Ravi Agarwal, Chairman of the Central Board of Direct Taxes (CBDT), has urged taxpayers to disclose any foreign income or assets they may have missed while filing their Income Tax Returns (ITRs). They have until December 31 to file revised returns and comply with this requirement
Department’s Proactive Approach
The Income Tax Department is actively sending SMS and email notifications to individuals who haven’t declared high-value assets. This initiative aims to ensure better compliance and reduce instances of hidden foreign wealth.
Agarwal highlighted that the tax department receives detailed information about foreign assets through automatic exchange agreements with other countries. He emphasized that the primary goal is to remind taxpayers of their obligation to disclose these assets and income.

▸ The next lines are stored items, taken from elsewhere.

text \<open>Lower bound on the welfare of the candidate: each supplier's markup is at least
  \<open>slope_left\<close> times its output.\<close>
lemma welfare_lower: "consumer_surplus + slope_left * s_max\<^sup>2 + cost_gap \<le> welfare N p C x"
proof -
  have "mc n * x n \<le> price * x n - slope_left * (x n)\<^sup>2" if n: "n < N" for n
  proof (cases "x n = 0")
    case False
    then have "0 < x n" using x_nonneg[OF n] by simp
    then show ?thesis using mult_right_mono[OF mc_upper[OF n], of "x n"]
      by (simp add: algebra_simps power2_eq_square)
  qed simp
  then have "(\<Sum>n<N. mc n * x n) \<le> (\<Sum>n<N. price * x n - slope_left * (x n)\<^sup>2)"
    by (intro sum_mono) auto
  also have "\<dots> = price * X - slope_left * (\<Sum>n<N. (x n)\<^sup>2)"
    unfolding X_def total_def by (simp add: sum_subtractf sum_distrib_left)
  also have "\<dots> \<le> price * X - slope_left * s_max\<^sup>2"
    using s_max(4) slopes(1,2) by (simp add: mult_left_mono)
  finally show ?thesis
    unfolding welfare_def X_def[symmetric] consumer_surplus_def cost_gap_def
    by (simp add: sum_subtractf)
qed

text \<open>The consumer surplus is at least the triangle under the left tangent of the demand at \<open>X\<close>.\<close>
lemma consumer_surplus_lower: "slope_left * X\<^sup>2 / 2 \<le> consumer_surplus"
  using convex_integral_lower_bound[OF demand_convex p_continuous X_pos p_left_deriv[OF X_pos]]
  unfolding consumer_surplus_def slope_left_def price_def by simp

text \<open>The candidate has positive welfare: either the largest supplier's markup contributes a
  positive term, or the market is saturated (\<open>X \<ge> Q\<close>) and the consumer surplus is positive.\<close>
lemma welfare_pos: "0 < welfare N p C x"
proof (cases "X < Q")
  case True
  have "right_deriv p X \<le> left_deriv p Q"
    using convex_right_deriv_le_left_deriv[OF demand_convex X_nonneg True p_right_deriv p_left_deriv]
      X_nonneg demand_zero by simp
  then have "0 < slope_left" using slopes unfolding slope_Q_def slope_right_def by simp
  moreover have "0 < s_max"
  proof (rule ccontr)
    assume "\<not> 0 < s_max"
    then have "X \<le> real N * s_max"
      using sum_bounded_above[of "{..<N}" x s_max] s_max(3) unfolding X_def total_def by auto
    also have "\<dots> \<le> 0" using \<open>\<not> 0 < s_max\<close> by (simp add: mult_nonneg_nonpos)
    finally show False using X_pos by simp
  qed
  ultimately have "0 < slope_left * s_max\<^sup>2" by simp
  moreover have "0 \<le> slope_left * X\<^sup>2 / 2" using slopes(1,2) by simp
  then have "0 \<le> consumer_surplus" using consumer_surplus_lower by linarith
  ultimately show ?thesis using welfare_lower cost_gap_nonneg by simp
next
  case False
  then have "price = 0" using p_antimono[of Q X] p_nonneg[of X] demand_zero unfolding price_def by simp
  have "integral {0..Q} p + integral {Q..X} p = integral {0..X} p"
    using Henstock_Kurzweil_Integration.integral_combine[of 0 Q X p] demand_zero False
      integrable_on_nonneg_interval[OF p_continuous] by simp
  moreover have "0 \<le> integral {Q..X} p"
    using integrable_on_nonneg_interval[OF p_continuous] demand_zero p_nonneg
    by (intro integral_nonneg) auto
  moreover have "p Q * Q - left_deriv p Q * Q\<^sup>2 / 2 \<le> integral {0..Q} p"
    using convex_integral_lower_bound[OF demand_convex p_continuous demand_zero(1) p_left_deriv] demand_zero
    by simp
  moreover have "0 < slope_Q * Q\<^sup>2 / 2" using slopes demand_zero by simp
  ultimately have "0 < consumer_surplus"
    unfolding consumer_surplus_def \<open>price = 0\<close> slope_Q_def using demand_zero by simp
  moreover have "0 \<le> slope_left * s_max\<^sup>2" using slopes(1,2) by simp
  ultimately show ?thesis using welfare_lower cost_gap_nonneg by linarith
qed

theorem efficiency_bound:
  assumes opt: "social_optimum N p C xS"
  shows "f_bound (slope_0 / slope_Q) \<le> efficiency N p C xS x"
proof -
  define f where "f = f_bound (slope_0 / slope_Q)"
  have c1: "1 \<le> slope_0 / slope_Q" using slopes by simp
  have "f * welfare N p C xS
      \<le> f * (consumer_surplus + markup * X + markup\<^sup>2 / (2 * slope_Q)) + f * cost_gap"
    using welfare_upper[of xS] opt f_bound_range[OF c1]
    unfolding social_optimum_def f_def by (simp add: mult_left_mono distrib_left[symmetric])
  also have "\<dots> \<le> consumer_surplus + slope_left * s_max\<^sup>2 + cost_gap"
    using f_bound_welfare_ineq[OF c1 s_max(1,2) _ consumer_surplus_lower markup_bound _ slopes(4)]
      f_bound_range[OF c1] cost_gap_nonneg slopes
    unfolding f_def by (simp add: add_mono mult_left_le_one_le)
  also have "\<dots> \<le> welfare N p C x" by (rule welfare_lower)
  finally have "f * welfare N p C xS \<le> welfare N p C x" .
  moreover have "0 < welfare N p C xS"
    using welfare_pos opt candidate unfolding social_optimum_def cournot_candidate_def by force
  ultimately show ?thesis unfolding efficiency_def f_def by (simp add: le_divide_eq)
qed

end

theorem corollary1:
  fixes N :: nat and p :: "real \<Rightarrow> real" and C :: "nat \<Rightarrow> real \<Rightarrow> real"
    and Q :: real and xS x :: "nat \<Rightarrow> real"
  assumes N: "N \<ge> 1"
    and A1: "\<forall>n<N. cost_ok (C n)"
    and A2: "demand_ok p"
    and A3: "\<exists>R>0. p R \<le> min_mc0 N C"
    and A4: "p 0 > min_mc0 N C"
    and pconv: "convex_on {0..} p"
    and Q: "Q > 0" "p Q = 0"
    and fin: "left_deriv p Q \<noteq> 0"
    and opt: "social_optimum N p C xS"
    and cc: "cournot_candidate N p C x"
  shows "efficiency N p C xS x \<ge> f_bound (right_deriv p 0 / left_deriv p Q)"
proof -
  interpret market: cournot_candidate_market N p C Q x
    using N A1 A2 pconv Q fin A4 cc by unfold_locales auto
  have "market.slope_0 / market.slope_Q = right_deriv p 0 / left_deriv p Q"
    unfolding market.slope_0_def market.slope_Q_def by simp
  then show ?thesis using market.efficiency_bound[OF opt] by simp
qed

end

Types of Foreign Assets to Declare
Taxpayers need to disclose various types of foreign assets, including:
- Foreign bank accounts
- Cash-value insurance policies
- Financial interest in foreign entities
- Immovable property abroad
- Foreign equity or debt investments
- Accounts where the taxpayer has signing authority
- Other foreign capital assets
Penalties for Non-Compliance
Failure to declare foreign assets or income in ITRs can lead to severe consequences. Under the anti-black money law, non-disclosure can attract a penalty of ₹10 lakh. This measure underscores the government’s commitment to curbing tax evasion and ensuring transparency.
Final Reminder
The CBDT encourages taxpayers to take advantage of this opportunity to rectify any omissions by filing revised returns before the December 31 deadline. This step ensures compliance and avoids hefty penalties.